CLEVELAND – In 2000, Mark Campbell, while in his early thirties, was diagnosed with type 2 diabetes.
Type 2 diabetes is the most common form of diabetes, and occurs when the body doesn’t properly make use of the insulin it produces.
Despite years of extensive cardio workouts and weight lifting, in addition to taking prescribed medications, the former college football player was unable to prevent the onset of additional diabetes-related problems for one primary reason – a poor diet.
“I felt like if I would just workout, things would get better,” said Campbell. “For years, I gave myself insulin shots, and took more than 25 pills every day. But I lost kidney function, my weight shot up and then my vision went bad. I didn’t realize, at the time, that I could have done more to make it better.”
Campbell was suffering from an advanced state of diabetic retinopathy, an eye condition that affects the retinas of people with diabetes. It usually occurs as a result of high blood sugar (glucose) over a long period of time.
Soon after he began treatment, which included receiving an injectable drug directly into his eye, Campbell began losing vision in his right eye, too.
“Now, I couldn’t see out of either eye; I was blind; I couldn’t work; I couldn’t see my grandkids,” he said.
Dr. Singh performed laser photocoagulation treatments for leaking blood vessels in the retina, followed by retina surgery in each eye, and Campbell’s vision was fully restored.
With Dr. Singh’s urging, Campbell’s life was restored in other ways, too.
“Diabetics often assume that because they are diabetic, their vision will not be as good, and that’s simply not true,” said Dr. Singh. “By controlling your diet, and other factors related to diabetes, you can prevent these conditions from occurring or from advancing at a faster rate.”
Campbell, who used to weigh more than 400 pounds, is now approaching his target weight of 195, thanks to a healthy approach to his diet.
“It’s what you’re putting in your mouth that can really affect your diabetes,” he said. “And I didn’t make diet a priority, like I do now.”
For the past few years, Campbell has been practicing a modified, low-carb ketogenic diet. He eats meats and vegetables, consumes several nutrient-rich smoothies and drinks plenty of water each day. He avoids bread and pasta, and eats very little cheese and eggs.
Campbell said he has more energy and feels healthier now, than at any time since playing football at West Virginia State University more than 30 years ago.

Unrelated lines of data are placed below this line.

text \<open>Active facet normals span extreme rays of the vertex cone: testing a combination against
  a relative interior point of the facet kills every other summand.\<close>
lemma active_normal_mem_combination:
  assumes ab: "(a,b) \<in> ineqs" and av: "a \<bullet> v = b" and finK: "finite K"
    and K: "\<And>k. k \<in> K \<Longrightarrow> k \<in> vcone v \<and> (\<exists>b'. (k,b') \<in> ineqs)"
    and l: "\<forall>k\<in>K. l k \<ge> 0" "a = (\<Sum>k\<in>K. l k *\<^sub>R k)"
  shows "a \<in> K"
proof (rule ccontr)
  assume naK: "a \<notin> K"
  obtain p where p: "p \<in> rel_interior {x\<in>P. a \<bullet> x = b}" by (rule ineq_facet_rel_interior_exists[OF ab])
  have pP: "p \<in> P" and ap: "a \<bullet> p = b" using p rel_interior_subset by auto
  define z where "z = p - v"
  have kz: "0 \<le> k \<bullet> z" if "k \<in> K" for k
    using K[OF that] pP unfolding vcone_iff z_def by (auto simp: inner_diff_right)
  have "(\<Sum>k\<in>K. l k * (k \<bullet> z)) = a \<bullet> z" using l(2) by (simp add: inner_sum_left)
  also have "\<dots> = 0" unfolding z_def using ap av by (simp add: inner_diff_right)
  finally have zero: "\<forall>k\<in>K. l k * (k \<bullet> z) = 0"
    using sum_nonneg_eq_0_iff[OF finK, of "\<lambda>k. l k * (k \<bullet> z)"] l(1) kz by simp
  have "l k = 0" if k: "k \<in> K" for k
  proof (rule ccontr)
    assume "l k \<noteq> 0"
    then have "k \<bullet> p = k \<bullet> v" using zero k unfolding z_def by (auto simp: inner_diff_right)
    moreover obtain b' where "(k,b') \<in> ineqs" "k \<in> vcone v" using K[OF k] by blast
    ultimately have "k = a" using vcone_facet_point_ineq_eq[OF ab p] by blast
    then show False using naK k by simp
  qed
  then have "a = 0" using l(2) by simp
  then show False using ineq_normal_nonzero[OF ab] by simp
qed

lemma QGor_vcone_unique:
  assumes v: "v \<in> verts" and q1: "QGor_cone (vcone v) r1" and q2: "QGor_cone (vcone v) r2"
  shows "r1 = r2"
proof -
  obtain u1 where u1: "primitive_vec u1" "\<forall>w\<in>ray_gens (vcone v). w \<bullet> u1 = real r1" and r1: "r1 > 0"
    using q1 unfolding QGor_cone_def by blast
  obtain u2 where u2: "primitive_vec u2" "\<forall>w\<in>ray_gens (vcone v). w \<bullet> u2 = real r2" and r2: "r2 > 0"
    using q2 unfolding QGor_cone_def by blast
  have h: "a \<bullet> (real r2 *\<^sub>R u1 - real r1 *\<^sub>R u2) = 0" if "(a,b) \<in> ineqs" "a \<bullet> v = b" for a b
  proof -
    have "a \<in> ray_gens (vcone v)" by (rule active_normal_ray_gen[OF v that])
    then show ?thesis using u1(2) u2(2) by (simp add: inner_diff_right)
  qed
  have "real r2 *\<^sub>R u1 - real r1 *\<^sub>R u2 = 0" by (rule active_orthogonal_eq_0[OF v]) (use h in blast)
  then have eq: "real r1 *\<^sub>R u2 = real r2 *\<^sub>R u1" by simp
  have "u2 = (1 / real r1) *\<^sub>R (real r1 *\<^sub>R u2)" using r1 by simp
  also have "\<dots> = (1 / real r1) *\<^sub>R (real r2 *\<^sub>R u1)" using eq by simp
  also have "\<dots> = (real r2 / real r1) *\<^sub>R u1" by simp
  finally have u2e: "u2 = (real r2 / real r1) *\<^sub>R u1" .
  have pos: "real r2 / real r1 > 0" using r1 r2 by simp
  have pr: "primitive_vec ((real r2 / real r1) *\<^sub>R u1)" using u2(1) u2e by simp
  have "real r2 / real r1 = 1" by (rule primitive_vec_pos_multiple_eq_1[OF u1(1) pr pos])
  then have "real r2 = real r1" using r1 by (simp add: divide_eq_1_iff)
  then show ?thesis by simp
qed

lemma finite_max_cones: "finite (max_cones (normal_fan P))"
proof -
  have "normal_fan P \<subseteq> (\<lambda>F. normal_cone P F) ` {F. F face_of P}" unfolding normal_fan_def by blast
  moreover have "finite {F. F face_of P}" by (rule finite_polyhedron_faces[OF polyhedron_P])
  ultimately show ?thesis unfolding max_cones_def using finite_subset by fastforce
qed
section \<open>Real spectrum, positivity and the order\<close>

lemma add_scaleC_one_mult:
  "(y + scaleC a 1) * (y + scaleC b 1) = y * y + scaleC (a + b) y + scaleC (a * b) (1::'a::cstar_algebra)"
proof -
  have "(y + scaleC a 1) * (y + scaleC b 1) = y * y + y * scaleC b 1 + (scaleC a 1 * y + scaleC a 1 * scaleC b 1)"
    by (simp add: distrib_left distrib_right add.assoc)
  also have "\<dots> = y * y + (scaleC a y + scaleC b y) + scaleC (a * b) 1"
    by (simp add: scaleC_one_mult mult_scaleC_one scaleC_scaleC add_ac)
  finally show ?thesis by (simp add: scaleC_add_left)
qed

text \<open>\<open>c + \<i> s\<close> lies in the spectrum of \<open>y + \<i> s\<close>, whose squared norm the C*-identity
  bounds by \<open>norm y ^ 2 + s ^ 2\<close>; letting \<open>s\<close> grow will force \<open>Im c = 0\<close>.\<close>
lemma cspectrum_sa_shift_bound:
  fixes y :: "'a::cstar_algebra"
  assumes y: "y \<in> sa" and c: "c \<in> cspectrum y"
  shows "(Re c)\<^sup>2 + (Im c + s)\<^sup>2 \<le> norm y ^ 2 + s\<^sup>2"
proof -
  define z where "z = y + scaleC (\<i> * of_real s) 1"
  have "c + \<i> * of_real s \<in> cspectrum z"
    unfolding z_def cspectrum_add_scaleC_one using c by simp
  then have "cmod (c + \<i> * of_real s) \<le> norm z" by (rule cspectrum_norm_le)
  then have "cmod (c + \<i> * of_real s) ^ 2 \<le> norm z ^ 2" by (intro power_mono) auto
  moreover have "cmod (c + \<i> * of_real s) ^ 2 = (Re c)\<^sup>2 + (Im c + s)\<^sup>2"
    by (simp add: cmod_power2)
  ultimately have "(Re c)\<^sup>2 + (Im c + s)\<^sup>2 \<le> norm z ^ 2" by simp
  moreover have "adj z * z = y * y + scaleR (s\<^sup>2) 1"
  proof -
    have "adj z = y + scaleC (- (\<i> * of_real s)) 1"
      using y by (simp add: z_def adj_add adj_scaleC sa_iff)
    then have "adj z * z = y * y + scaleC (- (\<i> * of_real s) + \<i> * of_real s) y
        + scaleC (- (\<i> * of_real s) * (\<i> * of_real s)) 1"
      by (simp only: z_def add_scaleC_one_mult)
    also have "- (\<i> * of_real s) * (\<i> * of_real s) = of_real (s\<^sup>2)"
      by (simp add: complex_eq_iff power2_eq_square)
    finally have "adj z * z = y * y + scaleC (of_real (s\<^sup>2)) 1" by simp
    then show ?thesis by (simp only: scaleC_of_real)
  qed
  then have "norm z ^ 2 \<le> norm y ^ 2 + s\<^sup>2"
    using norm_triangle_ineq[of "y * y" "scaleR (s\<^sup>2) (1::'a)"] norm_mult_self_sa[OF y]
    by (simp add: cstar_identity[symmetric])
  ultimately show ?thesis by linarith
qed

lemma cspectrum_sa_real:
  fixes y :: "'a::cstar_algebra"
  assumes y: "y \<in> sa" and c: "c \<in> cspectrum y"
  shows "c \<in> \<real>"
proof (rule ccontr)
  assume "c \<notin> \<real>"
  then have "Im c \<noteq> 0" by (simp add: complex_is_Real_iff)
  define s where "s = (norm y ^ 2 + 1) / (2 * Im c)"
  have "2 * Im c * s = norm y ^ 2 + 1" using \<open>Im c \<noteq> 0\<close> by (simp add: s_def)
  then have "(Re c)\<^sup>2 + (Im c)\<^sup>2 + (norm y ^ 2 + 1) + s\<^sup>2 \<le> norm y ^ 2 + s\<^sup>2"
    using cspectrum_sa_shift_bound[OF y c, of s] by (simp add: power2_sum)
  then show False by (smt (verit) zero_le_power2)
qed

text \<open>Unlike the spectral definition, this characterisation is visibly stable under addition.\<close>
lemma cpositive_iff_norm:
  fixes x :: "'a::cstar_algebra"
  assumes x: "x \<in> sa" and t: "norm x \<le> t"
  shows "cpositive x \<longleftrightarrow> norm (scaleR t 1 - x) \<le> t"
proof
  assume pos: "cpositive x"
  have t0: "t \<ge> 0" using t norm_ge_zero[of x] by linarith
  show "norm (scaleR t 1 - x) \<le> t"
  proof (rule norm_le_if_cspectrum_le[OF _ t0])
    show "scaleR t 1 - x \<in> sa" using x by (simp add: sa_diff sa_scaleR sa_one)
    fix c assume "c \<in> cspectrum (scaleR t 1 - x)"
    then have w: "of_real t - c \<in> cspectrum x" by (simp add: cspectrum_scaleR_one_diff)
    then have "of_real t - c \<in> \<real>" "0 \<le> Re (of_real t - c)" using pos by (auto simp: cpositive_def)
    moreover have "cmod (of_real t - c) \<le> t" using cspectrum_norm_le[OF w] t by simp
    ultimately have "Im c = 0" "0 \<le> t - Re c" "Re (of_real t - c) \<le> t"
      using complex_Re_le_cmod[of "of_real t - c"] by (auto simp: complex_is_Real_iff)
    then show "cmod c \<le> t" by (simp add: cmod_eq_Re)
  qed
next
  assume n: "norm (scaleR t 1 - x) \<le> t"
  show "cpositive x" unfolding cpositive_def
  proof (intro conjI x subsetI)
    fix c assume c: "c \<in> cspectrum x"
    have "of_real t - (of_real t - c) \<in> cspectrum x" using c by simp
    then have "of_real t - c \<in> cspectrum (scaleR t 1 - x)" by (simp only: cspectrum_scaleR_one_diff)
    then have "cmod (of_real t - c) \<le> t" using cspectrum_norm_le n by fastforce
    moreover have "Im c = 0" using cspectrum_sa_real[OF x c] by (simp add: complex_is_Real_iff)
    ultimately show "c \<in> {z. z \<in> \<real> \<and> 0 \<le> Re z}"
      by (simp add: cmod_eq_Re complex_is_Real_iff)
  qed
qed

“I’ve lost 100 pounds, and I’ve gone from 980 units of insulin a week down to 30 or 40; I also take just one pill each day,” he said.
According to Dr. Singh, the prognosis for Campbell’s vision is good, with regular exams and treatment.
And while Campbell must still undergo daily hemodialysis treatment, at home, as he awaits a kidney transplant, he has returned to work and is pursuing life with renewed vigor.
“Through it all, I’m thankful for everything that happened to me,” he said. “I finally have the strength and discipline to live a healthier life.”